Norway's Stolt Tankers and UK shipping fund manager Tufton Investment Management have formed a new chemical carrier pool as they look at ways to reduce carbon emissions.

The agreement covers seven of Tufton's tankers of between 19,000 dwt and 22,000 dwt, which will joint the Stolt Tankers Joint Service DeepSea Fleet (STJS).

Tufton will begin handing over ships immediately and the full transfer will be complete in the third quarter.

The deal also includes a carbon reduction and sustainability information-sharing agreement.

This will involve a joint pursuit of vessel efficiency and propulsion research, environmental projects and a biofuel testing programme.

Natural progression

Lucas Vos, president of Stolt Tankers, part of Oslo-listed Stolt-Nielsen, told TradeWinds the company already has one Tufton tanker under a management deal and was pleased with the results.

"When Tufton then thought about putting these ships within the same platform, we became the obvious choice," he added.

He believes the addition of Tufton's ships to the STJS fleet demonstrates Stolt Tankers’ ability to generate customer value in a challenging market by adding tonnage from a "top-tier" platform.

Vos expects the vessels to improve the company's overall offering by enhancing logistical flexibility and synergies.

Tufton Investment Management chief investment officer Paulo Almeida said chemical tankers have an attractive risk-return profile. Photo: Oscar May/Marine Money

Tufton chief investment officer Paulo Almeida said: "Tufton funds own 12 chemical tankers, a market segment with a very attractive risk-return profile, especially if operated in a well-aligned partnership like the one we have with Stolt Tankers."

He added that the company is very pleased to have grown the relationship with Stolt Tankers over the past few years.

Open to expansion

As for adding other Tufton tankers to any pools, Vos told TradeWinds: "I would first like to make this successful before expanding this pool even further, but we are always open to good opportunities."

STJS is where Stolt Tankers groups its deepsea ships, with its main partner, NYK Line of Japan.

"However, as this is really a different segment [J19 designs], we have created a sub-pool, but with similar terms and conditions. So it really is Tufton and ourselves," Vos added.

In May, Tufton Investment Management-managed Tufton Oceanic Assets said it was acquiring an unnamed chemical tanker for $9.8m.

The pool deal is the latest consolidation move in the chemicals shipping sector.

German venture

In November, Stolt Tankers formed a new company with Germany's John T Essberger Group to run small chemical tankers in Europe.

The new company — E&S Tankers — manages 48 ships ranging in size from 2,800 dwt to 11,300 dwt.

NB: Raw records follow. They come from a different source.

lemma residue_jumps_duality:
  fixes C :: "('a::field, 'm::finite, 'n::finite) mat set"
  assumes C: "vec.subspace C" and u: "1 \<le> u" "u \<le> CARD('n)"
  shows "u \<in> residue_jumps (dual_code C) p \<longleftrightarrow>
    CARD('n) + 1 - u \<notin> residue_jumps C (p + int (vec.dim C))"
proof -
  let ?m = "int CARD('m)" and ?k = "int (vec.dim C)" and ?D = "dual_code C"
  define A where "A = CARD('n) - u"
  define B where "B = CARD('n) + 1 - u"
  have AB: "A \<le> CARD('n)" "B \<le> CARD('n)" "CARD('n) - A = u" "CARD('n) - B = u - 1" "B - 1 = A" "1 \<le> B"
    using u unfolding A_def B_def by auto
  define c where "c = ?k + ?m * int B - ?m * int CARD('n)"
  have "int (max_dim_VL ?D (u - 1)) + c = int (max_dim_VL C B)"
    using arg_cong[OF max_dim_VL_duality[OF C AB(2), unfolded AB(4)], of int]
    unfolding c_def by (simp add: algebra_simps)
  moreover have "int (max_dim_VL ?D u) + c = int (max_dim_VL C A) + ?m"
  proof -
    have "int A * ?m = ?m * int CARD('n) - int u * ?m"
      using u unfolding A_def by (simp add: of_nat_diff algebra_simps)
    moreover have "int B = int A + 1"
      using AB(5) u unfolding A_def B_def by simp
    ultimately show ?thesis
      using arg_cong[OF max_dim_VL_duality[OF C AB(1), unfolded AB(3)], of int]
      unfolding c_def by (simp add: algebra_simps)
  qed
  moreover have "(p + c) mod ?m = (p + ?k) mod ?m"
  proof -
    have "p + c = p + ?k + (int B - int CARD('n)) * ?m"
      unfolding c_def by (simp add: algebra_simps)
    then show ?thesis
      by (simp only: mod_mult_self1)
  qed
  moreover have "max_dim_VL C A \<le> max_dim_VL C B"
    using AB by (intro max_dim_VL_mono) auto
  ultimately have "u \<in> residue_jumps ?D p \<longleftrightarrow>
      \<not> meets_class ?m (p + ?k) (int (max_dim_VL C A)) (int (max_dim_VL C B))"
    using u meets_class_shift[of ?m p _ _ c] meets_class_cong[of "p + c" ?m "p + ?k"]
      meets_class_split[of ?m "int (max_dim_VL C A)" "int (max_dim_VL C B)" "p + ?k"]
    unfolding residue_jumps_def by simp
  then show ?thesis
    using u AB unfolding residue_jumps_def B_def by simp
qed

lemma residue_jumps_reflection:
  fixes C :: "('a::field, 'm::finite, 'n::finite) mat set"
  assumes C: "vec.subspace C"
  shows "(\<lambda>u. CARD('n) + 1 - u) ` residue_jumps C (p + int (vec.dim C))
    = {1..CARD('n)} - residue_jumps (dual_code C) p"
proof (intro set_eqI iffI)
  fix v assume "v \<in> (\<lambda>u. CARD('n) + 1 - u) ` residue_jumps C (p + int (vec.dim C))"
  then obtain u where u: "v = CARD('n) + 1 - u" "u \<in> residue_jumps C (p + int (vec.dim C))"
    by blast
  then have "1 \<le> u" "u \<le> CARD('n)"
    by (simp_all add: residue_jumps_def)
  then have "1 \<le> v" "v \<le> CARD('n)" "CARD('n) + 1 - v = u"
    using u(1) by simp_all
  then show "v \<in> {1..CARD('n)} - residue_jumps (dual_code C) p"
    using residue_jumps_duality[OF C, of v p] u(2) by simp
next
  fix v assume v: "v \<in> {1..CARD('n)} - residue_jumps (dual_code C) p"
  then have "CARD('n) + 1 - v \<in> residue_jumps C (p + int (vec.dim C))"
    using residue_jumps_duality[OF C, of v p] by simp
  moreover have "v = CARD('n) + 1 - (CARD('n) + 1 - v)"
    using v by simp
  ultimately show "v \<in> (\<lambda>u. CARD('n) + 1 - u) ` residue_jumps C (p + int (vec.dim C))"
    by (rule rev_image_eqI)
qed

theorem proposition18:
  fixes C :: "('a::field, 'm::finite, 'n::finite) mat set" and p :: int
  assumes "vec.subspace C"
  shows "{1..int CARD('n)} = W_dual p C \<union> Wbar (p + int (vec.dim C)) C
         \<and> W_dual p C \<inter> Wbar (p + int (vec.dim C)) C = {}"
proof -
  let ?n = "CARD('n)"
  let ?J = "residue_jumps (dual_code C) p" and ?J' = "residue_jumps C (p + int (vec.dim C))"
  have "?J \<subseteq> {1..?n}"
    by (auto simp: residue_jumps_def)
  have "Wbar (p + int (vec.dim C)) C = int ` (\<lambda>u. ?n + 1 - u) ` ?J'"
    unfolding Wbar_eq image_image by (rule image_cong) (auto simp: residue_jumps_def)
  then have "Wbar (p + int (vec.dim C)) C = int ` ({1..?n} - ?J)"
    by (simp only: residue_jumps_reflection[OF assms])
  moreover have "W_dual p C = int ` ?J"
    by (rule W_dual_eq[OF assms])
  moreover have "{1..int ?n} = int ` {1..?n}"
    by (simp add: image_int_atLeastAtMost)
  ultimately show ?thesis
    using \<open>?J \<subseteq> {1..?n}\<close> by auto
qed

end
(* Let $n\ge1$, $\mathcal{T}=\{v\in\mathbb{R}^{n+1}: v^0,\dots,v^n>0\}$ and $F:\mathcal{T}\to(0,\infty)$, $F(v)=(v^0v^1\cdots v^n)^{1/(n+1)}$. Then for every $v\in\mathcal{T}$ the matrix $g_{ij}(v)=\frac12\partial_i\partial_j(F^2)(v)$ has Lorentzian signature $(+,-,\dots,-)$, and the fundamental inequality $\frac{\partial F}{\partial v^i}(v)w^i\ge F(w)$ for all $v,w\in\mathcal{T}$ is equivalent to the arithmetic–geometric mean inequality $$\frac{a_0+a_1+\dots+a_n}{n+1}\ge (a_0a_1\cdots a_n)^{1/(n+1)}\quad\text{for all } a_0,\dots,a_n>0,$$ which therefore holds.
   Context: Summation convention over repeated indices $i=0,\dots,n$. *)

theory Defs
  imports "HOL-Analysis.Analysis" "Jordan_Normal_Form.Char_Poly"
begin

text \<open>Vectors of R^(n+1) are represented as functions nat => real; only the
components 0..n are used.\<close>

definition posCone :: "nat \<Rightarrow> (nat \<Rightarrow> real) set" where
  "posCone n = {v. \<forall>i\<le>n. v i > 0}"

definition geoF :: "nat \<Rightarrow> (nat \<Rightarrow> real) \<Rightarrow> real" where
  "geoF n v = (\<Prod>i\<le>n. v i) powr (1 / real (n + 1))"

definition pdiff :: "nat \<Rightarrow> ((nat \<Rightarrow> real) \<Rightarrow> real) \<Rightarrow> (nat \<Rightarrow> real) \<Rightarrow> real" where
  "pdiff i f v = deriv (\<lambda>t. f (v(i := t))) (v i)"
theorem lemma2:
  fixes q n L :: nat
    and U :: "nat \<Rightarrow> nat \<Rightarrow> real"
    and Q :: "nat \<Rightarrow> nat list \<Rightarrow> real"
    and Dec :: "nat \<Rightarrow> nat list set"
  assumes "q \<ge> 2" and "n \<ge> 1"
    and "row_stochastic q U"
    and "\<forall>j\<in>{1..L}. is_distr (vecs q n) (Q j)"
    and "\<forall>j\<in>{1..L}. Dec j \<subseteq> vecs q n"
  shows "\<exists>(Q' :: nat \<Rightarrow> (nat \<Rightarrow> nat) \<Rightarrow> real) (P :: nat \<Rightarrow> (nat \<Rightarrow> nat) \<Rightarrow> real).
     (\<forall>i\<in>{1..L}. is_distr (comps q n) (Q' i)) \<and>
     (\<forall>i\<in>{1..L}. \<forall>w\<in>comps q n. 0 \<le> P i w \<and> P i w \<le> 1) \<and>
     (\<forall>i\<in>{1..L}. \<forall>j\<in>{1..L}. i \<noteq> j \<longrightarrow>
        lam_to (comps q n) (comps q n) (ncc_chan q n U) Q' P i j =
        lam_to (vecs q n) (vecs q n) (perm_chan n U) Q (det_dec Dec) i j) \<and>
     (\<forall>i\<in>{1..L}.
        lam_miss (comps q n) (comps q n) (ncc_chan q n U) Q' P i =
        lam_miss (vecs q n) (vecs q n) (perm_chan n U) Q (det_dec Dec) i) \<and>
     ((\<forall>i\<in>{1..L}. point_mass (vecs q n) (Q i)) \<longrightarrow>
        (\<forall>i\<in>{1..L}. point_mass (comps q n) (Q' i)))"
proof (intro exI conjI)
  let ?Q' = "\<lambda>i. composition_law q n (Q i)"
  let ?P = "\<lambda>j. class_average q n (det_dec Dec j)"
  show "\<forall>i\<in>{1..L}. is_distr (comps q n) (?Q' i)"
    using assms(4) is_distr_composition_law by blast
  show "\<forall>i\<in>{1..L}. \<forall>w\<in>comps q n. 0 \<le> ?P i w \<and> ?P i w \<le> 1"
    by (simp add: class_average_bounds det_dec_def)
  show "\<forall>i\<in>{1..L}. \<forall>j\<in>{1..L}. i \<noteq> j \<longrightarrow>
      lam_to (comps q n) (comps q n) (ncc_chan q n U) ?Q' ?P i j =
      lam_to (vecs q n) (vecs q n) (perm_chan n U) Q (det_dec Dec) i j"
    by (simp add: lam_to_ncc_chan)
  show "\<forall>i\<in>{1..L}.
      lam_miss (comps q n) (comps q n) (ncc_chan q n U) ?Q' ?P i =
      lam_miss (vecs q n) (vecs q n) (perm_chan n U) Q (det_dec Dec) i"
    by (simp add: lam_miss_ncc_chan)
  show "(\<forall>i\<in>{1..L}. point_mass (vecs q n) (Q i)) \<longrightarrow>
      (\<forall>i\<in>{1..L}. point_mass (comps q n) (?Q' i))"
    by (simp add: point_mass_composition_law)
qed

end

Trading is focused in particular on the Baltic, Mediterranean and north-west Europe regions.

At the time, Stolt indicated it was open to more consolidation moves.

Also in 2020, Norwegian rival Odfjell launched an MR chemical tanker pool with Navig8, before quickly adding seven Transportation Recovery Fund ships to bring the total to 19 vessels.

Chembulk, Team Tankers, Womar and Maersk Tankers were all also involved in cooperation deals last year.